Remember, it’s your responsibility as a coach to help your players be prepared for real-life competition, so make sure that you train them under pressure, so that they are able to compete under pressure. 

Visualisation

A proven and effective method for preparing your players to perform under pressure is to use visualisation techniques. 

The more players can see and feel themselves competing successfully in their minds, the better prepared they are for when they have to do it for real. 

A good parallel here is flight simulation training. Before a pilot is given the responsibility of flying a plane, they practice virtual flying in a flight simulator, where they will see and feel themselves performing thousands of safe take-offs and landings before they even come close to stepping into a real life cockpit. Visualisation for athletes does the same job as the flight simulator does for pilots.

However, when you’re encouraging your players to use visualisation, it’s important for them to…

  • Always visualise themselves performing successfully.
  • Make their visualisations as vivid and real as they possibly can.
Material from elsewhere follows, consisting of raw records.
lemma Zp_poly_mult: "Zp_poly p f \<Longrightarrow> Zp_poly p g \<Longrightarrow> Zp_poly p (f * g)"
  unfolding Zp_poly_def coeff_mult by (simp add: in_Zp_sum in_Zp_mult)

lemma Zp_poly_1 [simp]: "Zp_poly p 1"
  by (simp add: one_pCons)

lemma Zp_poly_power: "Zp_poly p f \<Longrightarrow> Zp_poly p (f ^ k)"
  by (induction k) (simp_all add: Zp_poly_mult)

lemma Zp_poly_prod: "(\<And>i. i \<in> A \<Longrightarrow> Zp_poly p (f i)) \<Longrightarrow> Zp_poly p (\<Prod>i\<in>A. f i)"
  by (induction A rule: infinite_finite_induct) (simp_all add: Zp_poly_mult)

lemma in_Zp_poly: "Zp_poly p f \<Longrightarrow> in_Zp p x \<Longrightarrow> in_Zp p (poly f x)"
  by (induction f) (simp_all add: in_Zp_add in_Zp_mult)

lemma Zp_poly_cubic_remainder:
  assumes "Zp_poly p f" "in_Zp p x"
  obtains z where "in_Zp p z"
    "poly f x = coeff f 0 + coeff f 1 * x + coeff f 2 * x ^ 2 + x ^ 3 * z"
proof -
  obtain a b c h where h: "f = pCons a (pCons b (pCons c h))" by (metis pCons_cases)
  then have "poly f x = coeff f 0 + coeff f 1 * x + coeff f 2 * x ^ 2 + x ^ 3 * poly h x"
    by (simp add: numeral_2_eq_2 numeral_3_eq_3 algebra_simps)
  moreover have "in_Zp p (poly h x)" using assms h by (simp add: in_Zp_poly)
  ultimately show thesis using that by blast
qed

lemma Zp_poly_divide_X:
  assumes "Zp_poly p W" "coeff W 0 = 0" "degree W \<le> d + 1"
  obtains K where "Zp_poly p K" "degree K \<le> d" "W = pCons 0 K"
proof -
  obtain a K where W: "W = pCons a K" by (rule pCons_cases)
  then have "a = 0" using assms(2) by simp
  moreover have "degree K \<le> d" using assms(3) W by (cases "K = 0") auto
  ultimately show thesis using that assms(1) W by simp
qed

text \<open>The witness is \<open>h = c/(d+1) x\<^sup>d\<^sup>+\<^sup>1\<close>; the bound on \<open>d\<close> makes \<open>1/(d+1)\<close> \<open>p\<close>-integral.\<close>

lemma Zp_poly_leading_antidifference:
  assumes "in_Zp p c" "d + 2 \<le> p"
  obtains h D where "Zp_poly p h" "degree h \<le> d + 1" "coeff h 0 = 0" "pcompose h [:1, 1:] = h + D"
    "Zp_poly p D" "degree D \<le> d" "coeff D d = c"
proof -
  define a where "a = c / of_nat (d + 1)"
  define h where "h = smult a ([:0, 1:] ^ (d + 1))"
  define D where "D = smult a ([:1, 1:] ^ (d + 1) - [:0, 1:] ^ (d + 1))"
  have "pcompose h [:1, 1:] = h + D"
    unfolding h_def D_def pcompose_smult by (simp add: pcompose_power pcompose_pCons smult_diff_right)
  moreover have "in_Zp p a"
    using assms unfolding a_def by (simp add: divide_inverse in_Zp_mult in_Zp_inverse_of_nat del: of_nat_Suc)
  then have "Zp_poly p D" "Zp_poly p h"
    unfolding D_def h_def by (intro Zp_poly_smult Zp_poly_diff Zp_poly_power; simp)+
  moreover have "coeff D d = c" and coeff_D_Suc: "coeff D (d + 1) = 0"
    unfolding D_def a_def coeff_smult coeff_diff
    by (simp_all add: coeff_linear_poly_power del: of_nat_Suc power_Suc)
  moreover have "degree D \<le> d"
  proof (rule degree_le, intro allI impI)
    fix i assume "d < i"
    have "degree D \<le> d + 1" unfolding D_def
      by (intro order.trans[OF degree_smult_le] degree_diff_le) (simp_all only: degree_linear_power)
    then show "coeff D i = 0"
      using coeff_D_Suc \<open>d < i\<close> by (cases "i = d + 1") (auto intro: coeff_eq_0)
  qed
  moreover have "degree h \<le> d + 1" unfolding h_def by (metis degree_linear_power degree_smult_le)
  moreover have "coeff h 0 = 0" unfolding h_def by (simp add: coeff_linear_poly_power)
  ultimately show thesis using that by blast
qed

lemma Zp_poly_antidifference:
  assumes "Zp_poly p f" "degree f + 2 \<le> p"
  shows "\<exists>g. Zp_poly p g \<and> degree g \<le> degree f + 1 \<and> coeff g 0 = 0 \<and> pcompose g [:1, 1:] = g + f"
  using assms
proof (induction "degree f" arbitrary: f rule: less_induct)
  case less
  define d where "d = degree f"
  obtain h D where h: "Zp_poly p h" "degree h \<le> d + 1" "coeff h 0 = 0" "pcompose h [:1, 1:] = h + D"
    and D: "Zp_poly p D" "degree D \<le> d" "coeff D d = coeff f d"
    using Zp_poly_leading_antidifference[of "coeff f d" d] less.prems unfolding d_def Zp_poly_def by blast
  define f' where "f' = f - D"
  have "degree f' \<le> d" "coeff f' d = 0"
    unfolding f'_def using D d_def by (auto intro: degree_diff_le)
  then have f'_smaller: "f' = 0 \<or> degree f' < degree f"
    unfolding d_def by (metis leading_coeff_0_iff le_neq_implies_less)
  have "Zp_poly p f'" unfolding f'_def using less.prems(1) D(1) by (rule Zp_poly_diff)
  obtain g' where g': "Zp_poly p g'" "degree g' \<le> degree f' + 1" "coeff g' 0 = 0"
      "pcompose g' [:1, 1:] = g' + f'"
  proof (cases "f' = 0")
    case True
    then show thesis using that[of 0] by simp
  next
    case False
    then show thesis using that less.hyps[of f'] less.prems(2) \<open>Zp_poly p f'\<close> f'_smaller by auto
  qed
  show ?case
  proof (intro exI[of _ "g' + h"] conjI)
    show "Zp_poly p (g' + h)" using g'(1) h(1) by (rule Zp_poly_add)
    show "degree (g' + h) \<le> degree f + 1"
      using g'(2) h(2) \<open>degree f' \<le> d\<close> d_def by (intro degree_add_le) auto
    show "coeff (g' + h) 0 = 0" using g'(3) h(3) by simp
    show "pcompose (g' + h) [:1, 1:] = g' + h + f"
      using g'(4) h(4) unfolding f'_def by (simp add: pcompose_add algebra_simps)
  qed
qed

end

section \<open>Antidifferences of powers of rising factorials\<close>

definition pochhammer_poly :: "nat \<Rightarrow> 'a::comm_semiring_1 poly" where
  "pochhammer_poly m = (\<Prod>j<m. [:of_nat j, 1:])"

lemma poly_pochhammer_poly: "poly (pochhammer_poly m) x = pochhammer x m"
  by (simp add: pochhammer_poly_def poly_prod pochhammer_prod atLeast0LessThan add.commute)

lemma degree_pochhammer_poly_power_le:
  "degree (pochhammer_poly m ^ n :: 'a::comm_semiring_1 poly) \<le> n * m"
proof -
  have "degree (pochhammer_poly m :: 'a poly) \<le> m"
    unfolding pochhammer_poly_def using degree_prod_sum_le[of "{..<m}" "\<lambda>j. [:of_nat j, 1 :: 'a:]"]
    by simp
  then show ?thesis by (metis degree_power_le le_trans mult.commute mult_le_mono1)
qed

lemma coeff_pochhammer_poly_power_eq_0:
  assumes "1 \<le> m" "i < n"
  shows "coeff (pochhammer_poly m ^ n :: 'a::comm_semiring_1 poly) i = 0"
proof -
  define R where "R = (\<Prod>j<m - 1. [:of_nat (Suc j), 1 :: 'a:])"
  have "pochhammer_poly m = [:0, 1:] * R"
    unfolding pochhammer_poly_def R_def using assms(1) prod.lessThan_Suc_shift[of "\<lambda>j. [:of_nat j, 1 :: 'a:]" "m - 1"]
    by simp
  then have "pochhammer_poly m ^ n = monom 1 n * R ^ n"
    by (simp only: power_mult_distrib monom_altdef smult_1_left)
  then show ?thesis using assms(2) by (simp add: coeff_monom_mult)
qed

lemma periodic_poly_eq_const:
  fixes G :: "'a::{idom, ring_char_0} poly"
  assumes "\<And>x. poly G (x + 1) = poly G x"
  shows "G = [:poly G 0:]"
proof -
  define H where "H = G - [:poly G 0:]"
  have "poly G (of_nat k) = poly G 0" for k
    by (induction k) (auto simp: assms[of "of_nat _", symmetric] add.commute)
  then have "range of_nat \<subseteq> {x. poly H x = 0}" unfolding H_def by auto
  moreover have "infinite (range (of_nat :: nat \<Rightarrow> 'a))"
    by (simp add: range_inj_infinite inj_of_nat)
  ultimately have "H = 0" using poly_roots_finite finite_subset by blast
  then show ?thesis unfolding H_def by simp
qed

lemma poly_pochhammer_poly_power_reflect:
  fixes x :: "'a::field_char_0"
  assumes "even n \<or> even m"
  shows "poly (pochhammer_poly m ^ n) (1 - of_nat m - x) = poly (pochhammer_poly m ^ n) x"
proof -
  have "pochhammer (1 - of_nat m - x) m = pochhammer (- (x + of_nat m - 1)) m"
    by (simp add: algebra_simps)
  also have "\<dots> = (-1) ^ m * pochhammer (x + of_nat m - 1 - of_nat m + 1) m"
    by (rule pochhammer_minus)
  finally have "poly (pochhammer_poly m ^ n) (1 - of_nat m - x) = ((-1) ^ m) ^ n * poly (pochhammer_poly m ^ n) x"
    by (simp add: poly_pochhammer_poly power_mult_distrib)
  moreover have "((-1 :: 'a) ^ m) ^ n = 1"
    using assms by (auto simp: power_mult[symmetric] mult.commute)
  ultimately show ?thesis by simp
qed

lemma poly_pderiv2_power_eq_0:
  fixes P :: "'a::idom poly"
  assumes "poly P r = 0" "3 \<le> n"
  shows "poly (pderiv (pderiv (P ^ n))) r = 0"
proof -
  obtain m where "n = Suc (Suc (Suc m))" using le_Suc_ex[OF assms(2)] by auto
  then show ?thesis using assms(1) by (simp add: pderiv_power_Suc pderiv_mult pderiv_smult del: power_Suc)
qed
Other examples of visualisation techniques that your players could practice include…

  • Jotting down performance goals before the start of practice.
  • Discussing objectives in clear detail with teammates ahead of a match.
  • Writing up an imaginary match report before the game, detailing a great performance.
  • Visiting the match venue ahead of time to become more familiar with the surroundings. If this isn’t possible, view some images of the venue online.

Match replication

It may sound simple and obvious (and it is), but making practice as similar to competition as possible can be extremely helpful for improving your players ability to manage feelings of pressure. 

The more you can replicate match conditions, the better prepared your players will be.

How you do this is your decision, but you may want to consider manipulating some of the following variables…

Match time
For example, if you have an upcoming evening match, then practice in the evening.

Match Length
Make practice games exactly the same length of time as matches.

Opposition
Shake things up by bringing in external athletes (such as former players) to practice against.

Game Conditions
If the game will be played with a closed roof, practice with a closed roof; if the forecast is for rain, dampen the pitch etc.

Consequence training

During competitive matches, players are subjected to consequences, ranging from losing the game to getting substituted, receiving media criticism to being dropped. 

Therefore it’s essential for them to be subjected to consequences in practice too, so create drills and scenarios that have a repercussion if your players fall short on an pre-agreed standard. 

However, before you do this, bear in mind a couple of points…

  • Ensure the player’s skill level is at an appropriate standard before you start to apply pressure. If it’s not, work on improving the skill first to get it up to the required standard.
  • The player has to know, and agree with, the consequence before the start of the task.

In summary, you’re simply trying to provide opportunities where your players are exposed to pressure prior to stepping onto the field of competition.